Снаружи, на рассветной улице, Дин сказал:
- Теперь ты видишь, чувак, вот тебе настоящая женщина. Ни одного
резкого слова, ни одной жалобы, ничего подобного; ее старик может
приходить в любое время ночи с кем угодно, сидеть разговаривать на кухне и
пить пиво, и уходить, когда вздумается. Вот мужчина и вот его крепость. -
Он показал на многоквартирный дом. Спотыкаясь, мы пошли прочь. Большая
ночь окончилась. Патрульная машина с подозрением следовала за нами
несколько кварталов. В булочной на Третьей улице мы купили свежих пончиков
и съели их на серой загаженной улице. Высокий, хорошо одетый гражданин в
очках, спотыкаясь, шел по тротуару в сопровождении негра в шоферской
кепочке. Странная пара. Мимо прокатился большой грузовик, и негр
возбужденно ткнул в его сторону пальцем, пытаясь выразить обуревавшие его
чувства. Высокий белый украдкой оглянулся и пересчитал свои деньги.
- Это Старый бык Ли! - хихикнул Дин. - Считает денежки и вечно обо
всем переживает, а второму парню не терпится лишь поговорить о грузовиках
и о тех вещах, которые ему знакомы. - Мы немного прошли за ними следом.
Святыми цветами, плывущими по воздуху, - вот чем были все эти усталые
лица на рассвете Джазовой Америки.
Нам надо было поспать; о Галатее Данкель не могло быть и речи. Дин знал
одного тормозного кондуктора по имени Эрнест Бёрк, который жил со своим
отцом в гостинице на Третьей улице. Первоначально он был с ним в хороших
отношениях, но потом уже нет, и сейчас идея заключалась в том, чтобы я
попробовал уговорить их пустить нас поспать на полу. Это было кошмарно.

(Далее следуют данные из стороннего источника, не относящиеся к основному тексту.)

lemma cond_loss_L01b:
  assumes "q \<in> simplex k" "0 < k"
  shows "cond_loss k (L01b blk) f q = 1 - block_mass k blk q (blk (pred k f))"
proof -
  have "cond_loss k (L01b blk) f q = (\<Sum>c<k. q c - (if blk c = blk (pred k f) then q c else 0))"
    unfolding cond_loss_def by (rule sum.cong) (auto simp: L01b_def)
  then show ?thesis
    using assms(1) by (simp add: sum_subtractf simplex_def block_mass_def)
qed

lemma cond_loss_L01b_nonneg: "q \<in> simplex k \<Longrightarrow> 0 \<le> cond_loss k (L01b blk) f q"
  unfolding cond_loss_def simplex_def L01b_def by (auto intro!: sum_nonneg)

lemma cond_surr_Phi_quad_L01b:
  fixes blk :: "nat \<Rightarrow> nat"
  assumes "q \<in> simplex k"
  defines "P i \<equiv> block_mass k blk q (blk i)"
  shows "cond_surr k (Phi_quad k (L01b blk)) f q =
           ((\<Sum>i<k. (f i + 1 - P i)\<^sup>2) + (\<Sum>i<k. P i - (P i)\<^sup>2)) / (2 * real k)"
proof -
  have "(\<Sum>c<k. q c * (f i + L01b blk i c)\<^sup>2) = (f i + 1 - P i)\<^sup>2 + (P i - (P i)\<^sup>2)" for i
  proof -
    have "(\<Sum>c<k. q c * (f i + L01b blk i c)\<^sup>2)
        = (\<Sum>c<k. q c) * (f i + 1)\<^sup>2 - P i * (2 * f i + 1)"
      unfolding P_def block_mass_def sum_distrib_right sum_subtractf[symmetric]
      by (rule sum.cong) (auto simp: L01b_def power2_eq_square algebra_simps)
    then show ?thesis
      using assms(1) by (simp add: simplex_def power2_eq_square algebra_simps)
  qed
  then have "(\<Sum>c<k. \<Sum>i<k. q c * (f i + L01b blk i c)\<^sup>2)
           = (\<Sum>i<k. (f i + 1 - P i)\<^sup>2) + (\<Sum>i<k. P i - (P i)\<^sup>2)"
    by (simp add: sum.swap[of _ "{..<k}"] sum.distrib)
  then show ?thesis
    unfolding cond_surr_def Phi_quad_def
    by (simp add: sum_distrib_left mult_ac flip: sum_divide_distrib)
qed

lemma col_span_L01b_block_const:
  assumes "f \<in> col_span k (L01b blk)" "i < k" "j < k" "blk i = blk j"
  shows "f i = f j"
  using assms unfolding col_span_def L01b_def by auto

lemma col_span_L01b_factors:
  assumes "f \<in> col_span k (L01b blk)"
  obtains G where "\<forall>i<k. f i = G (blk i)"
proof
  show "\<forall>i<k. f i = (\<lambda>u. f (SOME j. j < k \<and> blk j = u)) (blk i)"
  proof (intro allI impI)
    fix i assume "i < k"
    then have "(SOME j. j < k \<and> blk j = blk i) < k \<and> blk (SOME j. j < k \<and> blk j = blk i) = blk i"
      by (intro someI) auto
    then show "f i = (\<lambda>u. f (SOME j. j < k \<and> blk j = u)) (blk i)"
      using col_span_L01b_block_const[OF assms \<open>i < k\<close>] by auto
  qed
qed

lemma two_point_simplex:
  assumes "r < k" "r' < k" "blk r \<noteq> blk r'" "0 \<le> \<epsilon>" "\<epsilon> \<le> 1"
  defines "q \<equiv> \<lambda>c. (if c = r then (1 + \<epsilon>) / 2 else 0) + (if c = r' then (1 - \<epsilon>) / 2 else 0)"
  shows "q \<in> simplex k"
    and "block_mass k blk q u = (if u = blk r then (1 + \<epsilon>) / 2 else 0) + (if u = blk r' then (1 - \<epsilon>) / 2 else 0)"
proof -
  have "r \<noteq> r'"
    using assms(3) by auto
  then show "q \<in> simplex k"
    unfolding simplex_def q_def using assms(1,2,4,5) by (auto simp: sum.distrib field_simps)
  have "block_mass k blk q u
      = (\<Sum>c<k. (if c = r then (if u = blk r then (1 + \<epsilon>) / 2 else 0) else 0)
               + (if c = r' then (if u = blk r' then (1 - \<epsilon>) / 2 else 0) else 0))"
    unfolding block_mass_def q_def by (rule sum.cong) auto
  then show "block_mass k blk q u = (if u = blk r then (1 + \<epsilon>) / 2 else 0) + (if u = blk r' then (1 - \<epsilon>) / 2 else 0)"
    using assms(1,2) \<open>r \<noteq> r'\<close> by (simp add: sum.distrib)
qed

lemma excess_loss_L01b_ge:
  assumes "g \<in> F" "q \<in> simplex k"
  shows "cond_loss k (L01b blk) f q - cond_loss k (L01b blk) g q \<le> excess_loss k (L01b blk) F f q"
proof -
  have "(INF g\<in>F. cond_loss k (L01b blk) g q) \<le> cond_loss k (L01b blk) g q"
    using assms cond_loss_L01b_nonneg[OF assms(2)] by (intro cINF_lower) (auto simp: bdd_below_def)
  then show ?thesis
    unfolding excess_loss_def by simp
qed

lemma calib_eqI:
  assumes "\<And>f q. f \<in> F \<Longrightarrow> q \<in> simplex k \<Longrightarrow> \<epsilon> \<le> excess_loss k L F f q \<Longrightarrow> c \<le> excess_surr k Phi F f q"
    and "f \<in> F" "q \<in> simplex k" "\<epsilon> \<le> excess_loss k L F f q" "excess_surr k Phi F f q = c"
  shows "calib k Phi L F \<epsilon> = ereal c"
  unfolding calib_def
proof (rule antisym)
  show "(INF p\<in>{(f, q). f \<in> F \<and> q \<in> simplex k \<and> \<epsilon> \<le> excess_loss k L F f q}.
          ereal (excess_surr k Phi F (fst p) (snd p))) \<le> ereal c"
    using assms(2-5) by (intro INF_lower2[of "(f, q)"]) auto
  show "ereal c \<le> (INF p\<in>{(f, q). f \<in> F \<and> q \<in> simplex k \<and> \<epsilon> \<le> excess_loss k L F f q}.
          ereal (excess_surr k Phi F (fst p) (snd p)))"
    using assms(1) by (intro INF_greatest) auto
qed

locale block_partition =
  fixes k b :: nat and blk :: "nat \<Rightarrow> nat"
  assumes two_le_b: "2 \<le> b"
    and blk_lt: "\<forall>i<k. blk i < b"
    and blk_onto: "\<forall>v<b. \<exists>i<k. blk i = v"
begin

abbreviation "F01b \<equiv> col_span k (L01b blk)"

abbreviation "bsize v \<equiv> real (block_size k blk v)"

lemma k_pos: "0 < k"
  using two_le_b blk_onto by force

lemma bsize_pos: "v < b \<Longrightarrow> 0 < bsize v"
  using blk_onto unfolding block_size_def by (auto simp: card_gt_0_iff)

lemma sum_over_blocks: "(\<Sum>i<k. \<phi> (blk i)) = (\<Sum>v<b. bsize v * \<phi> v)"
proof -
  have "(\<Sum>i<k. \<phi> (blk i)) = (\<Sum>v<b. \<Sum>i\<in>{i. i \<in> {..<k} \<and> blk i = v}. \<phi> (blk i))"
    by (rule sum.group[symmetric]) (use blk_lt in auto)
  also have "\<dots> = (\<Sum>v<b. bsize v * \<phi> v)"
  proof (rule sum.cong[OF refl])
    fix v
    have "(\<Sum>i\<in>{i. i \<in> {..<k} \<and> blk i = v}. \<phi> (blk i)) = (\<Sum>i\<in>{i. i < k \<and> blk i = v}. \<phi> v)"
      by (rule sum.cong) auto
    then show "(\<Sum>i\<in>{i. i \<in> {..<k} \<and> blk i = v}. \<phi> (blk i)) = bsize v * \<phi> v"
      by (simp add: block_size_def)
  qed
  finally show ?thesis .
qed

lemma block_fun_in_F01b: "(\<lambda>i. if i < k then G (blk i) else 0) \<in> F01b"
proof -
  \<comment> \<open>On blocks, the loss matrix is all-ones minus identity, which is invertible for \<open>b \<ge> 2\<close>:
      \<open>\<beta>\<close> solves \<open>\<Sum>v\<noteq>u. \<beta> v = G u\<close>.\<close>
  define \<beta> where "\<beta> u = (\<Sum>v<b. G v) / (real b - 1) - G u" for u
  have "(\<Sum>v<b. \<beta> v) = real b * ((\<Sum>v<b. G v) / (real b - 1)) - (\<Sum>v<b. G v)"
    by (simp add: \<beta>_def sum_subtractf)
  then have sum_\<beta>: "(\<Sum>v<b. \<beta> v) = (\<Sum>v<b. G v) / (real b - 1)"
    using two_le_b by (simp add: field_simps)
  have "(\<Sum>j<k. \<beta> (blk j) / bsize (blk j) * L01b blk i j) = G (blk i)" if "i < k" for i
  proof -
    have "(\<Sum>j<k. \<beta> (blk j) / bsize (blk j) * L01b blk i j)
        = (\<Sum>v<b. bsize v * (\<beta> v / bsize v * (if blk i = v then 0 else 1)))"
      unfolding L01b_def by (rule sum_over_blocks)
    also have "\<dots> = (\<Sum>v<b. \<beta> v - (if v = blk i then \<beta> v else 0))"
      using bsize_pos by (intro sum.cong) auto
    also have "\<dots> = (\<Sum>v<b. \<beta> v) - \<beta> (blk i)"
      using blk_lt that by (simp add: sum_subtractf)
    also have "\<dots> = G (blk i)"
      unfolding sum_\<beta> by (simp add: \<beta>_def)
    finally show ?thesis .
  qed
  then show ?thesis
    unfolding col_span_def by (intro CollectI exI[of _ "\<lambda>j. \<beta> (blk j) / bsize (blk j)"]) auto
qed

lemma excess_surr_F01b:
  assumes "q \<in> simplex k"
  shows "excess_surr k (Phi_quad k (L01b blk)) F01b f q
           = (\<Sum>i<k. (f i + 1 - block_mass k blk q (blk i))\<^sup>2) / (2 * real k)"
proof -
  define C where "C = (\<Sum>i<k. block_mass k blk q (blk i) - (block_mass k blk q (blk i))\<^sup>2) / (2 * real k)"
  have surr: "cond_surr k (Phi_quad k (L01b blk)) g q
                = (\<Sum>i<k. (g i + 1 - block_mass k blk q (blk i))\<^sup>2) / (2 * real k) + C" for g
    unfolding cond_surr_Phi_quad_L01b[OF assms] C_def by (simp add: add_divide_distrib)
  have surr_ge: "C \<le> cond_surr k (Phi_quad k (L01b blk)) g q" for g
    unfolding surr by (auto intro!: divide_nonneg_nonneg sum_nonneg)
  define g\<^sub>0 where "g\<^sub>0 = (\<lambda>i. if i < k then block_mass k blk q (blk i) - 1 else 0)"
  have "g\<^sub>0 \<in> F01b"
    unfolding g\<^sub>0_def by (rule block_fun_in_F01b)
  moreover have "cond_surr k (Phi_quad k (L01b blk)) g\<^sub>0 q = C"
    unfolding surr by (simp add: g\<^sub>0_def)
  ultimately have "(INF g\<in>F01b. cond_surr k (Phi_quad k (L01b blk)) g q) = C"
    using surr_ge by (intro antisym cINF_lower2 cINF_greatest) (auto simp: bdd_below_def)
  then show ?thesis
    unfolding excess_surr_def surr by simp
qed

lemma excess_surr_block_fun:
  assumes "q \<in> simplex k" "\<forall>i<k. f i = G (blk i)"
  shows "excess_surr k (Phi_quad k (L01b blk)) F01b f q
           = (\<Sum>u<b. bsize u * (G u + 1 - block_mass k blk q u)\<^sup>2) / (2 * real k)"
proof -
  have "(\<Sum>i<k. (f i + 1 - block_mass k blk q (blk i))\<^sup>2)
      = (\<Sum>i<k. (G (blk i) + 1 - block_mass k blk q (blk i))\<^sup>2)"
    using assms(2) by (intro sum.cong) auto
  then show ?thesis
    unfolding excess_surr_F01b[OF assms(1)]
      sum_over_blocks[of "\<lambda>u. (G u + 1 - block_mass k blk q u)\<^sup>2"] by simp
qed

Мне пришлось звонить им из утренней столовой. Старик подозрительно поднял
трубку. Он помнил меня по тому, что рассказывал ему сын. К нашему
удивлению, он сам спустился в вестибюль и впустил нас к себе. То была
простая, старая, печальная, бурая фрискинская гостиница. Мы поднялись
наверх, и старик был настолько добр, что уступил нам всю свою постель.

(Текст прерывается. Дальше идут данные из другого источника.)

lemma dissipation_le_pairing_rate:
  assumes "t \<in> {0..T}"
  shows "b * dissipation t \<le> 4 * pairing_rate t - 4 * (r * pairing t) + b"
proof -
  have "b * dissipation t + c * dissipation t = dissipation t"
    using b_plus_c by (simp add: distrib_right[symmetric])
  moreover have "4 * pairing_rate t - 4 * (r * pairing t) + b
      = dissipation t - (b + c * mean_ux t)\<^sup>2 + b"
    by (simp add: algebra_simps)
  ultimately show ?thesis using coupling_sq_le[OF assms] by linarith
qed

lemma dissipation_integral_le:
  assumes B: "\<And>x. x \<in> {0..L} \<Longrightarrow> uT x \<le> B"
  shows "integral {0..T} (\<lambda>t. dissipation t) \<le> 4 * B / b + T"
proof (cases "(\<lambda>t. dissipation t) integrable_on {0..T}")
  case False
  \<comment> \<open>then the integral is the junk value 0\<close>
  have "0 \<le> uT 0" "uT 0 \<le> B" using uT_nonneg B[of 0] L_pos by auto
  then show ?thesis using not_integrable_integral[OF False] b_pos T_pos by simp
next
  case True
  have cont_pairing: "continuous_on {0..T} (\<lambda>t. pairing t)"
    by (rule DERIV_continuous_on[OF has_real_derivative_pairing])
  have "((\<lambda>t. 4 * pairing_rate t - 4 * (r * pairing t) + b) has_integral
      4 * (pairing T - pairing 0) - 4 * (r * integral {0..T} (\<lambda>t. pairing t)) + b * T) {0..T}"
    using has_integral_const_real[of b 0 T] T_pos
    by (intro has_integral_add has_integral_diff has_integral_mult_right integrable_integral
        integrable_continuous_interval cont_pairing pairing_rate_has_integral) (auto simp: mult.commute)
  moreover have "((\<lambda>t. b * dissipation t) has_integral b * integral {0..T} (\<lambda>t. dissipation t)) {0..T}"
    using True by (intro has_integral_mult_right integrable_integral)
  ultimately have "b * integral {0..T} (\<lambda>t. dissipation t)
      \<le> 4 * (pairing T - pairing 0) - 4 * (r * integral {0..T} (\<lambda>t. pairing t)) + b * T"
    using has_integral_le dissipation_le_pairing_rate by blast
  moreover have "0 \<le> 4 * (r * integral {0..T} (\<lambda>t. pairing t))"
    using r_pos by (intro mult_nonneg_nonneg integral_nonneg integrable_continuous_interval
        cont_pairing pairing_nonneg) auto
  moreover have "pairing T \<le> B" "0 \<le> pairing 0"
    using pairing_T_le[OF B] pairing_nonneg T_pos by auto
  ultimately have "b * integral {0..T} (\<lambda>t. dissipation t) \<le> 4 * B + b * T"
    by (smt (verit))
  also have "\<dots> = b * (4 * B / b + T)" using b_pos by (simp add: field_simps)
  finally show ?thesis using b_pos by simp
qed

end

- Мне все равно надо вставать, - сказала он и удалился на крохотную
кухоньку варить кофе. Он стал рассказывать нам истории из своей
железнодорожной юности.
Он напоминал мне отца. Я не стал ложиться и слушал его рассказы. Дин,
не слушая, чистил зубы, суетился по комнате и говорил:
- Да, правильно, - на всё, что тот рассказывал. Наконец, мы уснули; а
утром из рейса по Западной Ветке вернулся Эрнест и занял постель, а мы с
Дином встали.
Теперь старый мистер Бёрк прихорашивался, собираясь на свидание к своей
пожилой возлюбленной. Он надел зеленый твидовый костюм, матерчатую кепку,
тоже из зеленого твида, и воткнул себе в петлицу цветок.
- Эти старые романтичные сан-францисские железнодорожники, много
повидавшие на своем веку, живут совершенно особой, печальной, но
интенсивной жизнью, - сказал я Дину в туалете. - Было очень благородно с
его стороны пустить нас тут поспать.
- Ага, ага, - отозвался Дин, не слушая. Он выскочил в бюро
путешествий нанять машину. Мне же надо было сгонять к Галатее Данкель за
нашими вещами. Та сидела на полу со своей колодой карт.
- Что ж, до свиданья, Галатея, я надеюсь, все образуется.
- Когда Эд вернётся, я буду каждый вечер брать его с собой в "Уголок
Джемсона"
- и пусть он там получает свою порцию безумия. Как ты думаешь, Сал, в
этом будет толк? Я просто не знаю, что делать.
- А что карты говорят?
- Туз пик далек от него. Его постоянно окружают черви - дама червей
всегда близко. Видишь этого пикового вальта? Это Дин, он всегда где-то
рядом.
- Ну, мы через час уезжаем в Нью-Йорк.
- Дин однажды отправится в такое путешествие и никогда не вернется.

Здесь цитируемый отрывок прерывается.